Jacob Blake’s family led a march of hundreds of people on Saturday in Kenosha, Wisconsin, demanding an end to police violence and systemic racism.

“My nature is to protect my son, to stand up when he cannot stand up. To ask the police in this town what gave them the right to attempt murder in my child,” Blake’s father, Jacob Blake Sr., told the crowd in front of the Kenosha County Courthouse.

“What gave them the right to think that my son was an animal?” he added.

Nearly a week has passed since Blake, a 29-year-old Black man, was shot by a White police officer while leaning into an SUV in Kenosha, Wisconsin.

Blake has undergone multiple surgeries, found himself paralyzed from the waist down and was temporarily shackled due to a previous criminal warrant. The shooting spurred days of protests, one in which two demonstrators were killed, and different interpretations of the events leading up to the shooting.

Officer Rusten Sheskey, who shot Blake, has been placed on administrative leave pending the results of the investigation. Blake’s father says the officer should be charged with attempted murder.

“The first shot told you the second one was coming. The third shot should have told you that the fourth one — he’s trying to kill him. The fifth shot said, ‘damn man, how many more times are you going to shoot?’ By the time the seventh shot got there — it’s attempted murder,” Blake Sr. told CNN on Saturday.

Police union’s claims is ‘garbage,’ uncle says

While state officials are conducting the investigation, the Kenosha police union released what they called the “actual and undisputed” facts of what led to the shooting — details they say even state investigators omitted or left incomplete in their initial version of events.

Blake’s uncle said the police union’s version of events is “garbage” and “insulting.”

Justin Blake says his nephew didn’t have a weapon and “didn’t deserve to be shot seven times in his back.”

“We’re not going to allow them to come back a week later and talk about some type of weapon being involved after they temporarily paralyzed my nephew,” Blake said Friday. “As his uncle, that’s insulting.”

In a Friday statement, the Kenosha Professional Police Association said Blake forcefully fought with officers trying to arrest him; put one in a headlock; and carried a knife that he refused to drop when officers ordered him to do so.

Officer Sheskey eventually shot Blake while Blake was trying to enter and leaning into a vehicle, police said.

State investigators previously have said Blake admitted he had a knife in his possession, and law enforcement agents recovered one from the driver’s side floorboard of his vehicle.

The union also echoed what state investigators have said: That two officers fired a Taser at Blake in the initial struggle, but the Taser didn’t incapacitate him.

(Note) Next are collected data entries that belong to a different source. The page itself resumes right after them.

definition generated :: "'a alg \<Rightarrow> 'a list \<Rightarrow> 'a set" where
  "generated X ms = range (eval X (list_val X ms))"

instance trm :: countable
  by countable_datatype

lemma in_var_restrict:
  assumes "in_var X \<Sigma>" "subuniverse X D"
  shows "in_var (X\<lparr>acarr := D\<rparr>) \<Sigma>"
proof -
  have "sat_id (X\<lparr>acarr := D\<rparr>) e" if "sat_id X e" for e
    using that assms(2) unfolding sat_id_def subuniverse_def by (simp add: subset_iff)
  with assms show ?thesis
    unfolding in_var_def is_alg_def subuniverse_def by simp
qed

lemma is_cBCK_restrict:
  assumes "is_cBCK X" "subuniverse X D"
  shows "is_cBCK (X\<lparr>acarr := D\<rparr>)"
proof -
  have "\<And>x. x \<in> D \<Longrightarrow> x \<in> acarr X" using assms(2) by (auto simp: subuniverse_def)
  with assms show ?thesis
    unfolding is_cBCK_def is_BCK_def is_alg_def subuniverse_def by simp
qed

lemma is_cBCK_restrict_if_embedding:
  assumes "is_cBCK Y" "subuniverse X D" "inj_on g D" "g ` D \<subseteq> acarr Y"
    and hom: "\<And>x y. x \<in> D \<Longrightarrow> y \<in> D \<Longrightarrow> g (aminus X x y) = aminus Y (g x) (g y)"
    and hom_zero: "g (azero X) = azero Y"
  shows "is_cBCK (X\<lparr>acarr := D\<rparr>)"
proof -
  interpret Y: cBCK_alg Y by (rule cBCK_alg.intro) fact
  have D: "azero X \<in> D" "\<And>x y. x \<in> D \<Longrightarrow> y \<in> D \<Longrightarrow> aminus X x y \<in> D"
    using assms(2) by (auto simp: subuniverse_def)
  have gD: "\<And>x. x \<in> D \<Longrightarrow> g x \<in> acarr Y" using assms(4) by blast
  have eq: "a = b" if "a \<in> D" "b \<in> D" "g a = g b" for a b
    using assms(3) that by (auto dest: inj_onD)
  have "aminus X (aminus X (aminus X x y) (aminus X x z)) (aminus X z y) = azero X"
    if "x \<in> D" "y \<in> D" "z \<in> D" for x y z
    by (rule eq) (use that D hom hom_zero gD Y.diff_diff_le in auto)
  moreover have "aminus X x (azero X) = x" "aminus X (azero X) x = azero X" if "x \<in> D" for x
    by (rule eq; use that D hom hom_zero gD in simp)+
  moreover have "x = y"
    if "x \<in> D" "y \<in> D" "aminus X x y = azero X" "aminus X y x = azero X" for x y
  proof (rule eq)
    have "aminus Y (g x) (g y) = azero Y" "aminus Y (g y) (g x) = azero Y"
      using that hom hom_zero by metis+
    thus "g x = g y" using Y.le_antisym gD that by blast
  qed (use that in auto)
  moreover have "aminus X x (aminus X x y) = aminus X y (aminus X y x)" if "x \<in> D" "y \<in> D" for x y
    by (rule eq) (use that D hom gD Y.meet_commute in auto)
  ultimately show ?thesis
    unfolding is_cBCK_def is_BCK_def is_alg_def using D by simp
qed

lemma subuniverse_generated:
  assumes "is_alg X" "set ms \<subseteq> acarr X"
  shows "subuniverse X (generated X ms)"
proof -
  have "eval X (list_val X ms) t \<in> acarr X" for t
    by (induction t) (use assms in \<open>auto simp: list_val_def is_alg_def\<close>)
  moreover have "azero X = eval X (list_val X ms) Zero" by simp
  moreover have "aminus X (eval X (list_val X ms) s) (eval X (list_val X ms) t) =
      eval X (list_val X ms) (Minus s t)" for s t
    by simp
  ultimately show ?thesis
    unfolding subuniverse_def generated_def by blast
qed

lemma set_subset_generated: "set ms \<subseteq> generated X ms"
proof
  fix m assume "m \<in> set ms"
  then obtain i where "i < length ms" "m = ms ! i" by (auto simp: in_set_conv_nth)
  thus "m \<in> generated X ms"
    unfolding generated_def by (intro range_eqI[of _ _ "Var i"]) (simp add: list_val_def)
qed

lemma countable_generated: "countable (generated X ms)"
  by (simp add: generated_def)

lemma (in cBCK_alg) generated_below:
  assumes ms: "set ms \<subseteq> acarr X" "ms \<noteq> []" and d: "d \<in> generated X ms"
  shows "\<exists>m\<in>set ms. d \<preceq> m"
proof -
  have v: "list_val X ms i \<in> acarr X" for i
    using ms by (auto simp: list_val_def)
  have hd_ms: "hd ms \<in> set ms" "hd ms \<in> acarr X" using ms by auto
  have E: "eval X (list_val X ms) t \<in> acarr X" for t
    using eval_closed v by blast
  have "\<exists>m\<in>set ms. eval X (list_val X ms) t \<preceq> m" for t
  proof (induction t)
    case (Var i)
    show ?case
    proof (cases "i < length ms")
      case True
      with ms show ?thesis using nth_mem by (force simp: list_val_def)
    qed (use hd_ms in \<open>auto simp: list_val_def intro!: bexI[of _ "hd ms"]\<close>)
  next
    case Zero
    with hd_ms show ?case by (auto intro!: bexI[of _ "hd ms"])
  next
    case (Minus s t)
    then obtain m where m: "m \<in> set ms" "eval X (list_val X ms) s \<preceq> m" by blast
    have "eval X (list_val X ms) (Minus s t) \<preceq> m"
      using le_trans[OF _ _ _ _ m(2)] E m(1) ms(1) by auto
    with m(1) show ?case ..
  qed
  with d show ?thesis by (auto simp: generated_def)
qed

text \<open>Inclusions of varieties are tested on algebras carried by nat, so countable
  subalgebras are transported to nat along \<^const>\<open>to_nat_on\<close>.\<close>
definition nat_copy :: "'a alg \<Rightarrow> 'a set \<Rightarrow> nat alg" where
  "nat_copy X D =
    \<lparr>acarr = to_nat_on D ` D,
     aminus = (\<lambda>a b. to_nat_on D (aminus X (from_nat_into D a) (from_nat_into D b))),
     azero = to_nat_on D (azero X)\<rparr>"

lemma acarr_nat_copy [simp]: "acarr (nat_copy X D) = to_nat_on D ` D"
  and azero_nat_copy [simp]: "azero (nat_copy X D) = to_nat_on D (azero X)"
  by (simp_all add: nat_copy_def)

context
  fixes X :: "'a alg" and D :: "'a set"
  assumes countable: "countable D" and sub: "subuniverse X D"
begin

private lemma D_closed: "azero X \<in> D" "x \<in> D \<Longrightarrow> y \<in> D \<Longrightarrow> aminus X x y \<in> D"
  using sub by (auto simp: subuniverse_def)

private lemma to_nat_on_hom: "x \<in> D \<Longrightarrow> y \<in> D \<Longrightarrow>
    aminus (nat_copy X D) (to_nat_on D x) (to_nat_on D y) = to_nat_on D (aminus X x y)"
  by (simp add: nat_copy_def countable)

lemma eval_nat_copy:
  assumes v: "\<And>i. v i \<in> D"
  shows "eval X v t \<in> D \<and> eval (nat_copy X D) (to_nat_on D \<circ> v) t = to_nat_on D (eval X v t)"
proof (induction t)
  case (Minus s t)
  thus ?case using D_closed(2) to_nat_on_hom by simp
qed (simp_all add: v D_closed)

lemma is_alg_nat_copy: "is_alg (nat_copy X D)"
  unfolding is_alg_def
proof (intro conjI ballI)
  show "azero (nat_copy X D) \<in> acarr (nat_copy X D)"
    using D_closed by simp
  fix a b assume "a \<in> acarr (nat_copy X D)" "b \<in> acarr (nat_copy X D)"
  then obtain x y where "x \<in> D" "y \<in> D" "a = to_nat_on D x" "b = to_nat_on D y"
    by auto
  thus "aminus (nat_copy X D) a b \<in> acarr (nat_copy X D)"
    using to_nat_on_hom[of x y] D_closed(2)[of x y] by simp
qed

lemma sat_id_nat_copy_iff: "sat_id (nat_copy X D) e \<longleftrightarrow> sat_id (X\<lparr>acarr := D\<rparr>) e"
proof
  assume sat: "sat_id (nat_copy X D) e"
  show "sat_id (X\<lparr>acarr := D\<rparr>) e" unfolding sat_id_def
  proof (intro allI impI)
    fix v :: "nat \<Rightarrow> 'a" assume "\<forall>i. v i \<in> acarr (X\<lparr>acarr := D\<rparr>)"
    hence v: "\<And>i. v i \<in> D" by simp
    hence "\<forall>i. (to_nat_on D \<circ> v) i \<in> acarr (nat_copy X D)" by simp
    with sat have "eval (nat_copy X D) (to_nat_on D \<circ> v) (fst e) =
        eval (nat_copy X D) (to_nat_on D \<circ> v) (snd e)"
      unfolding sat_id_def by blast
    thus "eval (X\<lparr>acarr := D\<rparr>) v (fst e) = eval (X\<lparr>acarr := D\<rparr>) v (snd e)"
      using eval_nat_copy[where v = v, OF v] countable by simp
  qed
next
  assume sat: "sat_id (X\<lparr>acarr := D\<rparr>) e"
  show "sat_id (nat_copy X D) e" unfolding sat_id_def
  proof (intro allI impI)
    fix w :: "nat \<Rightarrow> nat" assume w: "\<forall>i. w i \<in> acarr (nat_copy X D)"
    define v where "v = from_nat_into D \<circ> w"
    have v: "\<And>i. v i \<in> D"
      using w by (force simp: v_def intro: from_nat_into)
    have wv: "w = to_nat_on D \<circ> v"
      using w by (simp add: v_def fun_eq_iff)
    have "eval X v (fst e) = eval X v (snd e)"
      using sat v by (simp add: sat_id_def)
    thus "eval (nat_copy X D) w (fst e) = eval (nat_copy X D) w (snd e)"
      using eval_nat_copy[where v = v, OF v] wv by simp
  qed
qed

lemma is_cBCK_restrict_if_nat_copy:
  assumes "is_cBCK (nat_copy X D)"
  shows "is_cBCK (X\<lparr>acarr := D\<rparr>)"
  by (rule is_cBCK_restrict_if_embedding[OF assms sub]) (use countable to_nat_on_hom D_closed in auto)

end

lemma is_cBCK_if_in_cBCK_variety:
  assumes B: "in_var B \<Sigma>" and \<Sigma>: "cBCK_variety \<Sigma>"
  shows "is_cBCK B"
proof -
  have alg: "is_alg B" using B by (simp add: in_var_def)
  have generated_cBCK: "is_cBCK (B\<lparr>acarr := generated B [x, y, z]\<rparr>) \<and> {x, y, z} \<subseteq> generated B [x, y, z]"
    if "x \<in> acarr B" "y \<in> acarr B" "z \<in> acarr B" for x y z
  proof -
    let ?D = "generated B [x, y, z]"
    have sub: "subuniverse B ?D"
      using subuniverse_generated[OF alg] that by simp
    have "in_var (nat_copy B ?D) \<Sigma>"
      using is_alg_nat_copy[OF countable_generated sub] in_var_restrict[OF B sub]
        sat_id_nat_copy_iff[OF countable_generated sub] by (simp add: in_var_def)
    hence "is_cBCK (nat_copy B ?D)" using \<Sigma> by (simp add: cBCK_variety_def)
    thus ?thesis
      using is_cBCK_restrict_if_nat_copy[OF countable_generated sub] set_subset_generated[of "[x, y, z]" B]
      by simp
  qed
  show ?thesis unfolding is_cBCK_def is_BCK_def
  proof (intro conjI ballI impI alg)
    fix x y z assume "x \<in> acarr B" "y \<in> acarr B" "z \<in> acarr B"
    from generated_cBCK[OF this] show "aminus B (aminus B (aminus B x y) (aminus B x z)) (aminus B z y) = azero B"
      unfolding is_cBCK_def is_BCK_def by simp
  next
    fix x assume x: "x \<in> acarr B"
    from generated_cBCK[OF x x x] show "aminus B x (azero B) = x" "aminus B (azero B) x = azero B"
      unfolding is_cBCK_def is_BCK_def by simp_all
  next
    fix x y assume "x \<in> acarr B" "y \<in> acarr B" "aminus B x y = azero B" "aminus B y x = azero B"
    with generated_cBCK[of x y y] show "x = y" unfolding is_cBCK_def is_BCK_def by simp
  next
    fix x y assume "x \<in> acarr B" "y \<in> acarr B"
    from generated_cBCK[OF this(1,2,2)] show "aminus B x (aminus B x y) = aminus B y (aminus B y x)"
      unfolding is_cBCK_def by simp
  qed
qed

lemma (in cBCK_alg) nat_model_of_width:
  assumes X: "in_var X \<Sigma>" and si: "subdir_irr X" and k: "1 \<le> k"
    and ms: "distinct ms" "length ms = Suc k" "set ms \<subseteq> maxel X"
  obtains Y :: "nat alg"
  where "in_var Y \<Sigma>" "sat_id Y (width_ident (Suc k))" "\<not> sat_id Y (width_ident k)"
proof
  let ?D = "generated X ms"
  have ms_carr: "set ms \<subseteq> acarr X" using ms(3) by (auto simp: maxel_def)
  have sub: "subuniverse X ?D"
    using cBCK ms_carr by (simp add: subuniverse_generated is_cBCK_def is_BCK_def)
  note copy_iff = sat_id_nat_copy_iff[OF countable_generated sub]
  show "in_var (nat_copy X ?D) \<Sigma>"
    using is_alg_nat_copy[OF countable_generated sub] in_var_restrict[OF X sub] copy_iff
    by (simp add: in_var_def)
  interpret D: cBCK_alg "X\<lparr>acarr := ?D\<rparr>"
    using is_cBCK_restrict[OF cBCK sub] by (rule cBCK_alg.intro)
  have "sat_id (X\<lparr>acarr := ?D\<rparr>) (width_ident (Suc k))"
  proof (rule D.sat_width_ident)
    show "card (set ms) \<le> Suc k" using distinct_card[OF ms(1)] ms(2) by simp
    show "\<exists>m\<in>set ms. aminus (X\<lparr>acarr := ?D\<rparr>) x m = azero (X\<lparr>acarr := ?D\<rparr>)"
      if "x \<in> acarr (X\<lparr>acarr := ?D\<rparr>)" for x
      using generated_below[OF ms_carr] that ms(2) by (simp add: length_greater_0_conv[symmetric])
  qed (use set_subset_generated[of ms X] in auto)
  thus "sat_id (nat_copy X ?D) (width_ident (Suc k))" using copy_iff by simp
  show "\<not> sat_id (nat_copy X ?D) (width_ident k)"
    using not_sat_width_ident[OF si k _ _ ms] sub set_subset_generated[of ms X] copy_iff
    by (simp add: subuniverse_def)
qed

lemma var_less_insert_ident:
  fixes Y1 Y2 :: "nat alg"
  assumes le: "var_le \<Sigma> \<Sigma>K" and e: "e \<in> \<Sigma>"
    and Y1: "in_var Y1 \<Sigma>K" "sat_id Y1 e" "\<not> in_var Y1 \<Sigma>"
    and Y2: "in_var Y2 \<Sigma>K" "\<not> sat_id Y2 e"
  shows "var_less \<Sigma> (insert e \<Sigma>K)" "var_less (insert e \<Sigma>K) \<Sigma>K"
proof -
  have "var_le \<Sigma> (insert e \<Sigma>K)"
    using le e by (auto simp: var_le_def in_var_def)
  moreover have "in_var Y1 (insert e \<Sigma>K)" "\<not> in_var Y2 (insert e \<Sigma>K)"
    using Y1 Y2 by (auto simp: in_var_def)
  moreover have "var_le (insert e \<Sigma>K) \<Sigma>K"
    by (auto simp: var_le_def in_var_def)
  ultimately show "var_less \<Sigma> (insert e \<Sigma>K)" "var_less (insert e \<Sigma>K) \<Sigma>K"
    using Y1(3) Y2(1) by (auto simp: var_less_def var_le_def)
qed

lemma obtain_distinct_list:
  assumes "infinite S \<or> n \<le> card S"
  obtains xs where "distinct xs" "length xs = n" "set xs \<subseteq> S"
proof -
  obtain T where T: "T \<subseteq> S" "finite T" "card T = n"
  proof (cases "finite S")
    case True
    with assms show ?thesis using obtain_subset_with_card_n that by blast
  next
    case False
    with that show ?thesis using infinite_arbitrarily_large by blast
  qed
  obtain xs where "set xs = T" "distinct xs"
    using finite_distinct_list[OF T(2)] by blast
  with T that show ?thesis using distinct_card by fastforce
qed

Wisconsin Attorney General Josh Kaul said Friday that the police union’s version of events was made public by an attorney representing the union and “certain officers involved in the incident” and he would not confirm or deny the union’s allegations.

Blake never posed an “imminent threat” to the officers on scene, a family attorney said.

“When they say that Mr. Blake initiated the physicality (and) Mr. Blake put an officer in a headlock, that does not comport with the video from the passenger’s side of the car that shows police essentially beating him,” Patrick Salvi Jr. told CNN.

Raysean White, a man who recorded a widely circulated video of Blake being shot, said Friday that while he only saw part of the incident, he didn’t see Blake holding a knife or physically harming the officers.

White said he saw officers had Blake in a headlock while one was “punching him in his ribs.”

White’s recording, along with a second eyewitness video that was released following the shooting, may be the only clips capturing the moments before the officer fired at Blake. Kenosha Mayor John Antaramian said earlier this week police do not have body cameras and he has not given any update on whether police dashcams captured the incident.

Body cameras, the mayor said, are in the budget for 2022.

The initial call to police, and a previous warrant for Blake’s arrest

The Wisconsin Department of Justice Division of Criminal Investigation (DCI), which is leading the investigation into the shooting, has said the August 23 incident started when a woman called police and said “her boyfriend was present and was not supposed to be on the premises.”

In a police call, a dispatcher relayed that the complainant accused Blake of taking the complainant’s keys and refusing to leave. The dispatcher later explains she doesn’t have more details because the caller was “uncooperative.”

At the time, Blake had a warrant out for his arrest in connection with earlier allegations that he unlawfully entered a home and committed felony sexual assault this year.

The dispatcher appeared to warn officers about Blake’s warrant, referring to “family trouble” at the residence in Kenosha and an “alert at this address for a ninety-nine.” The police code 10-99 can refer to a wanted suspect.

It’s unclear whether those officers knew about why there was an outstanding warrant against Blake when they arrived at the residence. The police union claimed that officers were aware of the warrant.

“If he had outstanding warrants… then they should have arrested him,” Blake’s uncle said Friday, “not shot him in the damn back seven times.”

The police union said Friday that Blake was not breaking up a fight at the time officers arrived. One of Blake’s attorneys had said Blake was trying to leave the scene after “breaking up a fight between two women.”

What investigators and the police union are saying about the shooting

Bystanders captured the shooting on cellphone video and shared the footage widely on social media, turning the lakeside city of Kenosha into the scene of nightly protests against police brutality.

The DCI has said three officers initially tried to arrest Blake upon arriving, and that both Sheskey and Officer Vincent Arenas deployed Tasers.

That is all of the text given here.